In this respect, they are wonderful, because gobs of us walking around today wouldn’t be here without them. But they’ve got tons of downsides to them. They cause bizarre parts of your body to puff up without warning (in my case, my face and stomach have been stretched to their limitations. I look like a female Dwight Schrute), they send you off on an emotional rollar coaster not seen since you were in high school, and they make you break out like crazy.

I also have a sneaking suspicion that underneath every new zit that has arisen on my jaw, chest, and arms is a teeny tiny black hair waiting to break the surface. When that dark day finally takes place, I will hopefully be miles from any other humans, deep in the woods, hiding under the safety of a snuggie with a pint of ice cream.

Or five pints of ice cream. Because that’s the other thing about steroids: they make you hungry. Like, crazy hungry. Over the last week, I’ve gained 5 pounds as a result of delivering every single edible morsel within arms’ reach to my mouth (occasionally said edible morsels are not, in fact, edible. I’m pretty sure I licked a piece of dryer lint off my chin and what I thought was a cookie crumb may have actually been a dessicated booger).

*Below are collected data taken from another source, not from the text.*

(* Let $f\in\mathcal{B}$ be such that $f\colon\mathbb{R}\to\mathbb{R}$ is convex, $f\colon\mathbb{D}\to f(\mathbb{D})$ is a quadratic-like map and $f(0)\in(-\infty,-1)$. Then $f\colon f^{-1}(\mathbb{D})\cap\mathbb{D}\to\mathbb{D}$ is an escaping quadratic-like map, and its periodic points coincide with those of $f\colon\mathbb{R}\to\mathbb{R}$.
   Context: $\mathcal{B}$ is the real Banach space of real and even entire maps $f$ (i.e. $f(\bar z)=\overline{f(z)}$, $f(-z)=f(z)$) such that the sequence $(f^{(j)}(0))_{j\ge0}$ is bounded, with norm $\|f\|_{\mathcal{B}}=\sup_{j\ge0}|f^{(j)}(0)|$. $\mathbb{D}$ is the open unit disk. A quadratic-like map is a holomorphic proper map $f\colon V\to W$ of degree $2$ with $V,W$ nonempty simply connected open subsets of $\mathbb{C}$ and $V$ relatively compact in $W$. An escaping quadratic-like map is a holomorphic covering map $f\colon U\to V$ of degree $2$, where $U,V$ are nonempty open subsets of $\mathbb{C}$ with $U$ relatively compact in $V$ and $V$ simply connected. For a map $f\colon U\to V$ with $U\subseteq V$, a periodic point is a point $z\in U$ with $f^{\circ n}(z)=z$ for some $n\ge1$ and $z,f(z),\dots,f^{\circ(n-1)}(z)\in U$. *)

theory Defs
  imports "HOL-Complex_Analysis.Complex_Analysis"
begin

definition in_B :: "(complex \<Rightarrow> complex) \<Rightarrow> bool" where
  "in_B f \<longleftrightarrow> f holomorphic_on UNIV
     \<and> (\<forall>z. f (cnj z) = cnj (f z))
     \<and> (\<forall>z. f (- z) = f z)
     \<and> bounded (range (\<lambda>j. (deriv ^^ j) f 0))"

definition real_restr :: "(complex \<Rightarrow> complex) \<Rightarrow> real \<Rightarrow> real" where
  "real_restr f x = Re (f (complex_of_real x))"
text \<open>Conversely, an epimorphism onto \<open>(G, S)\<close> provides witnesses: choose \<open>u i\<close>
  representing \<open>h (s i)\<close> and \<open>v j\<close> representing a preimage of \<open>S j\<close>; the translated words
  then evaluate as their originals do in \<open>\<Gamma>\<close>, followed by \<open>h\<close>.\<close>
lemma epi_witness_of_epi:
  assumes \<Gamma>: "group \<Gamma>" and pres: "presentation \<Gamma> m s R" and G: "marked_group k G S"
    and h: "h \<in> epi \<Gamma> G"
  shows "\<exists>u v. epi_witness k m R u v G S"
proof -
  interpret \<Gamma>: group \<Gamma> by fact
  have s: "\<forall>i<m. s i \<in> carrier \<Gamma>" and gen\<Gamma>: "generate \<Gamma> (s ` {..<m}) = carrier \<Gamma>"
    and R: "\<forall>r\<in>R. letters r \<subseteq> {..<m} \<and> rel_consequence R r"
    and trivial: "\<forall>w. letters w \<subseteq> {..<m} \<longrightarrow> (eval_word \<Gamma> s w = \<one>\<^bsub>\<Gamma>\<^esub> \<longleftrightarrow> rel_consequence R w)"
    using pres rel_consequence.rel[of _ R "[]"] unfolding presentation_def by auto
  have "group G" and S: "\<forall>j<k. S j \<in> carrier G" and genG: "generate G (S ` {..<k}) = carrier G"
    using G unfolding marked_group_def by blast+
  interpret h: group_hom \<Gamma> G h
    using group_hom_of_hom[OF \<Gamma> \<open>group G\<close>] h unfolding epi_def by blast
  have onto: "h ` carrier \<Gamma> = carrier G" using h unfolding epi_def by blast
  have "S ` {..<k} \<subseteq> carrier G" "(h \<circ> s) ` {..<m} \<subseteq> carrier G"
    using S s by auto
  from h.H.choose_words[OF this(1) genG this(2)] obtain u
    where u: "\<forall>i\<in>{..<m}. letters (u i) \<subseteq> {..<k} \<and> eval_word G S (u i) = (h \<circ> s) i" ..
  have "\<forall>j\<in>{..<k}. \<exists>x. x \<in> carrier \<Gamma> \<and> h x = S j"
    using S onto by (metis imageE lessThan_iff)
  then obtain x where x: "\<forall>j\<in>{..<k}. x j \<in> carrier \<Gamma> \<and> h (x j) = S j"
    by (rule bchoice[elim_format]) blast
  have "s ` {..<m} \<subseteq> carrier \<Gamma>" "x ` {..<k} \<subseteq> carrier \<Gamma>"
    using s x by auto
  from \<Gamma>.choose_words[OF this(1) gen\<Gamma> this(2)] obtain v
    where v: "\<forall>j\<in>{..<k}. letters (v j) \<subseteq> {..<m} \<and> eval_word \<Gamma> s (v j) = x j" ..
  have in_limit: "eval_word G S (subst_word u w) = h (eval_word \<Gamma> s w)" if "letters w \<subseteq> {..<m}" for w
    using eval_subst_word_hom[OF h.group_hom_axioms s S _ that] u by simp
  have "eval_word G S (subst_word u r) = \<one>\<^bsub>G\<^esub>" if "r \<in> R" for r
  proof -
    have "eval_word \<Gamma> s r = \<one>\<^bsub>\<Gamma>\<^esub>" using that R trivial by blast
    then show ?thesis using that R in_limit by simp
  qed
  moreover have "eval_word G S (subst_word u (v j) @ [(j, False)]) = \<one>\<^bsub>G\<^esub>" if "j < k" for j
  proof -
    have "eval_word G S (subst_word u (v j)) = S j"
      using that v x in_limit by simp
    moreover have "letters (subst_word u (v j)) \<subseteq> {..<k}"
      using that u v by (intro letters_subst_word) auto
    ultimately show ?thesis
      using h.H.eval_ends_with_inverse S that by blast
  qed
  ultimately have "epi_witness k m R u v G S"
    unfolding epi_witness_def witness_words_def using u v by auto
  then show ?thesis by blast
qed

lemma eventually_trivial_words:
  assumes conv: "marked_converges k Gs Ss G S" and "finite W"
    and W: "\<forall>w\<in>W. letters w \<subseteq> {..<k} \<and> eval_word G S w = \<one>\<^bsub>G\<^esub>"
  shows "\<forall>\<^sub>F n in sequentially. \<forall>w\<in>W. eval_word (Gs n) (Ss n) w = \<one>\<^bsub>Gs n\<^esub>"
proof (rule eventually_ball_finite[OF \<open>finite W\<close>], rule ballI)
  fix w assume "w \<in> W"
  with conv W have "\<forall>\<^sub>F n in sequentially.
      (eval_word (Gs n) (Ss n) w = \<one>\<^bsub>Gs n\<^esub>) \<longleftrightarrow> (eval_word G S w = \<one>\<^bsub>G\<^esub>)"
    unfolding marked_converges_def by blast
  then show "\<forall>\<^sub>F n in sequentially. eval_word (Gs n) (Ss n) w = \<one>\<^bsub>Gs n\<^esub>"
    by (rule eventually_mono) (use W \<open>w \<in> W\<close> in blast)
qed

text \<open>The central lemma: an epimorphism from a finitely presented group onto the limit
  of a convergent sequence of marked groups yields epimorphisms onto all late terms,
  because witnesses in the limit are witnesses for the late terms.\<close>
lemma eventually_epi_of_finitely_presented:
  assumes Gs: "\<forall>n. marked_group k (Gs n) (Ss n)" and G: "marked_group k G S"
    and conv: "marked_converges k Gs Ss G S"
    and fp: "finitely_presented \<Gamma>" and h: "h \<in> epi \<Gamma> G"
  shows "\<forall>\<^sub>F n in sequentially. \<exists>\<psi>. \<psi> \<in> epi \<Gamma> (Gs n)"
proof -
  obtain m s R where pres: "presentation \<Gamma> m s R" and \<Gamma>: "group \<Gamma>"
    using fp unfolding finitely_presented_iff by blast
  have R: "finite R" "\<forall>r\<in>R. letters r \<subseteq> {..<m}"
    using pres unfolding presentation_def by blast+
  obtain u v where wit: "epi_witness k m R u v G S"
    using epi_witness_of_epi[OF \<Gamma> pres G h] by blast
  then have uv: "\<forall>i<m. letters (u i) \<subseteq> {..<k}" "\<forall>j<k. letters (v j) \<subseteq> {..<m}"
    unfolding epi_witness_def by blast+
  have "finite (witness_words k R u v)"
    using R(1) unfolding witness_words_def by simp
  then have "\<forall>\<^sub>F n in sequentially. \<forall>w\<in>witness_words k R u v. eval_word (Gs n) (Ss n) w = \<one>\<^bsub>Gs n\<^esub>"
    using wit witness_words_letters[OF uv R(2)] unfolding epi_witness_def
    by (intro eventually_trivial_words[OF conv]) blast+
  then have "\<forall>\<^sub>F n in sequentially. epi_witness k m R u v (Gs n) (Ss n)"
    by (rule eventually_mono) (use uv in \<open>simp add: epi_witness_def\<close>)
  then show ?thesis
    by (rule eventually_mono) (use presentation_epi[OF \<Gamma> pres] Gs in blast)
qed

lemma free_basisD:
  "free_basis F Y \<Longrightarrow> inj_on f (letters w) \<Longrightarrow> f ` letters w \<subseteq> Y \<Longrightarrow> reduced w \<Longrightarrow> w \<noteq> []
   \<Longrightarrow> eval_word F f w \<noteq> \<one>\<^bsub>F\<^esub>"
  unfolding free_basis_def by blast

lemma nonabelian_freeI:
  "group F \<Longrightarrow> free_basis F Y \<Longrightarrow> x \<in> Y \<Longrightarrow> y \<in> Y \<Longrightarrow> x \<noteq> y \<Longrightarrow> nonabelian_free F"
  unfolding nonabelian_free_def by blast

lemma finite_image_factor:
  assumes "finite (g ` D)" and "\<And>a b. a \<in> D \<Longrightarrow> b \<in> D \<Longrightarrow> g a = g b \<Longrightarrow> f a = f b"
  shows "finite (f ` D)"
proof -
  have "f ` D \<subseteq> (\<lambda>c. f (inv_into D g c)) ` g ` D"
  proof
    fix z assume "z \<in> f ` D"
    then obtain a where "a \<in> D" "z = f a" by blast
    moreover have "f (inv_into D g (g a)) = f a"
      using assms(2) inv_into_into f_inv_into_f \<open>a \<in> D\<close> by (metis imageI)
    ultimately show "z \<in> (\<lambda>c. f (inv_into D g c)) ` g ` D" by force
  qed
  then show ?thesis using assms(1) finite_subset by blast
qed

text \<open>Freeness lifts along homomorphisms: if \<open>\<psi>\<close> maps \<open>L\<close> injectively into a free basis
  of a subgroup of \<open>K\<close>, then \<open>L\<close> freely generates the subgroup it generates, since a
  relation among elements of \<open>L\<close> would map to a relation among basis elements.\<close>
lemma free_basis_lift:
  assumes \<Gamma>: "group \<Gamma>" and K: "group K" and \<psi>: "\<psi> \<in> hom \<Gamma> K"
    and H: "subgroup H K" and Y: "free_basis (K\<lparr>carrier := H\<rparr>) Y"
    and L: "L \<subseteq> carrier \<Gamma>" "inj_on \<psi> L" "\<psi> ` L \<subseteq> Y"
  shows "free_basis (\<Gamma>\<lparr>carrier := generate \<Gamma> L\<rparr>) L"
proof -
  interpret \<psi>: group_hom \<Gamma> K \<psi>
    using group_hom_of_hom[OF \<Gamma> K \<psi>] .
  have sub: "subgroup (generate \<Gamma> L) \<Gamma>"
    using \<psi>.G.generate_is_subgroup[OF L(1)] .
  have incl: "L \<subseteq> generate \<Gamma> L"
    using generate.incl[of _ L \<Gamma>] by blast
  have YH: "Y \<subseteq> H"
    using Y unfolding free_basis_def by simp
  have "eval_word (\<Gamma>\<lparr>carrier := generate \<Gamma> L\<rparr>) f w \<noteq> \<one>\<^bsub>\<Gamma>\<^esub>"
    if f: "inj_on f (letters w)" "f ` letters w \<subseteq> L" and w: "reduced w" "w \<noteq> []" for f w
  proof
    assume "eval_word (\<Gamma>\<lparr>carrier := generate \<Gamma> L\<rparr>) f w = \<one>\<^bsub>\<Gamma>\<^esub>"
    moreover have "\<forall>x\<in>letters w. f x \<in> generate \<Gamma> L"
      using f(2) incl by blast
    ultimately have "eval_word \<Gamma> f w = \<one>\<^bsub>\<Gamma>\<^esub>"
      using eval_subgroup[OF \<Gamma> sub] by simp
    moreover have "\<forall>x\<in>letters w. f x \<in> carrier \<Gamma>"
      using f(2) L(1) by blast
    ultimately have "eval_word K (\<psi> \<circ> f) w = \<one>\<^bsub>K\<^esub>"
      using eval_hom[OF \<psi>.group_hom_axioms] by (metis \<psi>.hom_one)
    then have "eval_word (K\<lparr>carrier := H\<rparr>) (\<psi> \<circ> f) w = \<one>\<^bsub>K\<lparr>carrier := H\<rparr>\<^esub>"
      using eval_subgroup[OF K H, of w "\<psi> \<circ> f"] f(2) L(3) YH by auto
    moreover have "inj_on (\<psi> \<circ> f) (letters w)"
      using f L(2) by (auto intro: comp_inj_on inj_on_subset)
    moreover have "(\<psi> \<circ> f) ` letters w \<subseteq> Y"
      using f(2) L(3) by auto
    ultimately show False
      using free_basisD[OF Y _ _ w] by blast
  qed
  moreover have "generate (\<Gamma>\<lparr>carrier := generate \<Gamma> L\<rparr>) L = generate \<Gamma> L"
    using \<psi>.G.generate_consistent[OF incl sub] .
  ultimately show ?thesis
    unfolding free_basis_def using incl by simp
qed

text \<open>Being non-abelian free is invariant under isomorphism (needed because largeness
  requires the free quotient to live in a type determined by the group).\<close>
lemma nonabelian_free_iso:
  assumes A: "group A" and K: "group K" and \<sigma>: "\<sigma> \<in> iso A K" and free: "nonabelian_free K"
  shows "nonabelian_free A"
proof -
  have \<sigma>_hom: "\<sigma> \<in> hom A K" and inj: "inj_on \<sigma> (carrier A)" and onto: "\<sigma> ` carrier A = carrier K"
    using \<sigma> unfolding iso_def bij_betw_def by blast+
  interpret \<sigma>: group_hom A K \<sigma>
    using group_hom_of_hom[OF A K \<sigma>_hom] .
  obtain Y y y' where Y: "free_basis K Y" and "y \<in> Y" "y' \<in> Y" "y \<noteq> y'"
    using free unfolding nonabelian_free_def by blast
  have YK: "Y \<subseteq> carrier K" and genY: "generate K Y = carrier K"
    using Y unfolding free_basis_def by blast+
  define L where "L = {a \<in> carrier A. \<sigma> a \<in> Y}"
  have L: "L \<subseteq> carrier A"
    unfolding L_def by blast
  have imL: "\<sigma> ` L = Y"
  proof
    show "Y \<subseteq> \<sigma> ` L"
    proof
      fix y assume "y \<in> Y"
      with YK onto obtain a where "a \<in> carrier A" "y = \<sigma> a" by blast
      with \<open>y \<in> Y\<close> show "y \<in> \<sigma> ` L" unfolding L_def by blast
    qed
  qed (auto simp: L_def)
  have "\<sigma> ` generate A L = \<sigma> ` carrier A"
    using \<sigma>.generate_img[OF L] imL genY onto by simp
  then have genL: "generate A L = carrier A"
    using inj_on_image_eq_iff[OF inj \<sigma>.G.generate_incl[OF L]] by blast
  have "free_basis (A\<lparr>carrier := generate A L\<rparr>) L"
    using Y imL by (intro free_basis_lift[OF A K \<sigma>_hom \<sigma>.H.subgroup_self _ L inj_on_subset[OF inj L]]) auto
  then have "free_basis A L"
    using genL by simp
  moreover obtain x x' where "x \<in> L" "\<sigma> x = y" "x' \<in> L" "\<sigma> x' = y'"
    using imL \<open>y \<in> Y\<close> \<open>y' \<in> Y\<close> by (metis imageE)
  ultimately show ?thesis
    using nonabelian_freeI[OF A] \<open>y \<noteq> y'\<close> by blast
qed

Some of you are probably going to argue that this is the status quo, and to those folks I will say STOP JUDGING ME (Sorry. Mood swing). I MUST EAT. It is strange and odd, because usually I only feel this way about cake, and not say, every single food group, ever.

And so, in honor of me mashing every single piece of  food I can find into my mouth, I’ve collected some photos from our last trip to Astoria … during which Rand and I mashed every single piece of food we could find into our mouths at the Astoria Sunday Market.

It may not have been our proudest moment. It wasn’t always flattering. But damn it, it was honest. And as I shove yet another salted caramel into my mouth before the noon hour, I know that at least I’m being sincere. Or something.


It begins as all good things do: with empanadas.

The woman who sells these also makes her own salsa, which is amazing.


Like Rand’s passion for me, the cheese burns hotter than he anticipates, and his tongue is scalded.

Continuing the filled-pastry theme of the morning, we follow up our empanada with a hand pie. 

Rather inexplicably, Rand looks pained to eat it. Or perhaps he was just tired of me snapping photos in his face.

“Woman … just … stop. Please. FUCKING STOP.”

And, of course, retribution was swift to follow …

Rhubarb cupcake with brown butter frosting. I ate it in about 15 seconds.

You know what? That last photo wasn’t quite unflattering enough. We can do better. I know it.

Aaahhhh. That’s it.


The viscious aftermath:

“Oh, hell NO you did NOT just take a photo of me demolishing that cupcake.”

You know what? This feels mean-spirited. I blame the steroids. I should end on a high note. A photo of my husband looking unspeakably gorgeous while injesting something.


Now if you’ll excuse me, there’s a jar of nutella with my name written hastily on it.